Monday, December 13, 2010

"Europe Central" by William T. Vollmann

I started reading this masterpiece in June. Six months later, I am 150 pages from the end, but I will most likely finish it in the next few days. A few things popped up here and there that either prevented or precipitated heavy amounts of reading: LSAT preparation, a trip to Seattle, Cosmos by Sagan, Thanksgiving, and scattered weeks of heavy work schedules. That being said, I think the passing time has allowed me to more deeply come to understand that complexity that drives not the plot of "Europe Central", but the literary purity. My understanding of the book has developed in stages and I feel that, with such a short amount left (the book stands at 750 pages, total), I can provide some general insight into what this book is at an elemental and essential level.

To start, I will quote the back of the book, to provide the sort of concise summation of background that I simply cannot write:

In this magnificent work of fiction, acclaimed author William T. Vollmann turns his trenchant eye on the authoritarian cultures of Germany and the USSR in the twentieth century to render a mesmerizing perspective on human experience during wartime.
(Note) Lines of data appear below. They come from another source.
section \<open>Case (b): a rational root of f below P\<close>

text \<open>If delta2 splits into two quadratics, the resolvent cubic provides a root e of the cubic
  with p - e a nonzero square: P then lies in the image of the 2-isogeny attached to (e, 0).\<close>

lemma root_from_quadratic_factors:
  fixes E :: "'a::field wcurve"
  assumes two: "(2::'a) \<noteq> 0" and on: "on_curve E (Pt p q)" and ne: "eta E p q \<noteq> 0"
    and fac: "delta2 E (Pt p q) = a * b" "degree a = 2" "degree b = 2"
  shows "\<exists>e w. cubic E e = 0 \<and> w \<noteq> 0 \<and> p = e + w ^ 2"
proof -
  define \<eta> where "\<eta> = eta E p q"
  have \<eta>2: "\<eta> ^ 2 = cubic E p" using on weq_normal_form[OF two, of E p q] by (simp add: \<eta>_def)
  define c1 c2 where "c1 = cubic' E p" "c2 = 3 * p + cb2 E"
  have "[:c1 ^ 2 - 4 * c2 * \<eta> ^ 2, - 8 * \<eta> ^ 2, - 2 * c1, 0, 1:]
        = pcompose a [:p, 1:] * pcompose b [:p, 1:]"
    using delta2_translate[OF two, of E p q] fac(1) \<eta>2 unfolding c1_c2_def by (simp add: pcompose_mult)
  moreover have "degree (pcompose a [:p, 1:]) = 2" "degree (pcompose b [:p, 1:]) = 2"
    using fac by (simp_all add: degree_pcompose)
  moreover have "- 8 * \<eta> ^ 2 \<noteq> 0" using ne two by (simp add: \<eta>_def numeral_Bit0_eq_0_iff[OF two])
  ultimately obtain \<sigma> where \<sigma>: "\<sigma> \<noteq> 0"
    "\<sigma> ^ 6 + 2 * (- 2 * c1) * \<sigma> ^ 4 + ((- 2 * c1) ^ 2 - 4 * (c1 ^ 2 - 4 * c2 * \<eta> ^ 2)) * \<sigma> ^ 2
       - (- 8 * \<eta> ^ 2) ^ 2 = 0"
    using depressed_quartic_quadratic_factors by blast
  define w where "w = - 2 * \<eta> / \<sigma>"
  define e where "e = p - w ^ 2"
  have w0: "w \<noteq> 0" unfolding w_def using \<sigma>(1) ne two by (simp add: \<eta>_def)
  have w\<sigma>: "w ^ 2 * \<sigma> ^ 2 = 4 * \<eta> ^ 2" unfolding w_def using \<sigma>(1)
    by (simp add: power_divide power_mult_distrib)
  have taylor: "cubic E e = \<eta> ^ 2 - c1 * w ^ 2 + c2 * (w ^ 2) ^ 2 - (w ^ 2) ^ 3"
    using cubic_taylor[of E p "- (w ^ 2)"] \<eta>2 unfolding e_def c1_c2_def
    by (simp add: power2_eq_square power3_eq_cube)
  have "cubic E e * \<sigma> ^ 6 = \<eta> ^ 2 * \<sigma> ^ 6 - c1 * (w ^ 2 * \<sigma> ^ 2) * \<sigma> ^ 4
      + c2 * (w ^ 2 * \<sigma> ^ 2) ^ 2 * \<sigma> ^ 2 - (w ^ 2 * \<sigma> ^ 2) ^ 3"
    unfolding taylor by (simp add: algebra_simps power2_eq_square power3_eq_cube power4_eq_xxxx power6_eq)
  also have "\<dots> = \<eta> ^ 2 * (\<sigma> ^ 6 + 2 * (- 2 * c1) * \<sigma> ^ 4
      + ((- 2 * c1) ^ 2 - 4 * (c1 ^ 2 - 4 * c2 * \<eta> ^ 2)) * \<sigma> ^ 2 - (- 8 * \<eta> ^ 2) ^ 2)"
    unfolding w\<sigma> by (simp add: algebra_simps power2_eq_square power3_eq_cube power4_eq_xxxx power6_eq)
  also have "\<dots> = 0" using \<sigma>(2) by simp
  finally have "cubic E e = 0" using \<sigma>(1) by simp
  moreover have "p = e + w ^ 2" unfolding e_def by simp
  ultimately show ?thesis using w0 by blast
qed
section \<open>The 2-isogeny attached to a root of f\<close>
Through interwoven narratives that paint a composite portrait of these two battling leviathans and the monstrous age they defined, EUROPE CENTRAL captures a chorus of voices both real and fictional - a young German who joins the SS to fight its crimes, two generals who collaborate with the enemy for different reasons, the Soviet composer Dmitri Shostakovich and the Stalinist assaults upon his work and life. With these and other unforgettable stories, Vollmann breathes life into a haunting chapter form the past and gives us a daring literary masterpiece.

That phrase "two battling leviathans and the monstrous age they defined" perfectly encapsulates the central metaphor of the book: the defining quality of juxtaposition. Each chapter serves as a call to a later chapter's response. Successive chapters always differ in content but the use of some imagery or events is consistently adapted to several contexts that lead to the ultimate conclusion: the vignettes of generals, martyrs, artists, and leaders; the omnipotent narratives and pretentious critiques of high art from the ever-observing NKVD officer, Comrade Alexandrov; the dreamlike and ideologically driven stories of the front by former telephone operator and Gehlen operative; all is written to support the analogy between the times and the love triangle between Elena, Shostakovich, and Karmen.

Elena Konstantinovskaya is not your traditional main character. Very little of the story is about her. Most of Europe Central's plot is dedicated to Shostakovich. A large portion is dedicated to Roman Karmen. But between the actions of these two characters and the imagery that continually strives to describe beauty and horror in terms of a beautiful, dark haired woman (and vise-versa: typically, interactions between Elena, Shostakovich and Karmen are written in terms of art and war) who we know as Elena Konstantinovskaya. She is the focal point of the book in that every detail described in any chapter serves only to more finely tune the gigantic analogy of Elena that I know as EUROPE CENTRAL.

A fine example is found in the chapter "We'll Never Mention It Again". The reader gains a superfluous understanding of Elena in the opening lines of the chapter, which reads: "Everytime she said no to him, that no was as perfect as her cheekbones. There was about her something comfortably immovable, reassuringly merciless..." So early in the chapter, you can not be sure to whom Elena is saying "no", whether Shostakovich or Karmen, but the complexity of the those opening lines, that she is "comfortably immovable, reassuringly merciless..." is better understood in the context of the previous chapter, "Red Guillotine". "Red Guillotine" details the life of Hilde Benjamin (http://en.wikipedia.org/wiki/Hilde_Benjamin), an East German judge dubbed the 'Red Guillotine' for her aggressive propensity to sentence beheading to those leftover Nazis and Anglo-American instigators. "Red Guillotine" is spent illuminating that Benjamin was "immovable...merciless..." When Vollmann tells us that Elena says no, she says it with the force of thousands of executions. This is one example of the way in which the complex relationship between Elena, Shostakovich, and Karmen is not only narrated, but progressed. Words are bombs, bodies movements of armies, nos executions, and so forth. To return, this is why I believe the phrase "two battling leviathans and the monstrous age they define" perfectly sums the book. The war between Nazi Germany and the USSR serves as an analogy for the love triangle in the sheer passion of intensity.

And that's why this book was awarded the National Book Award in 2005.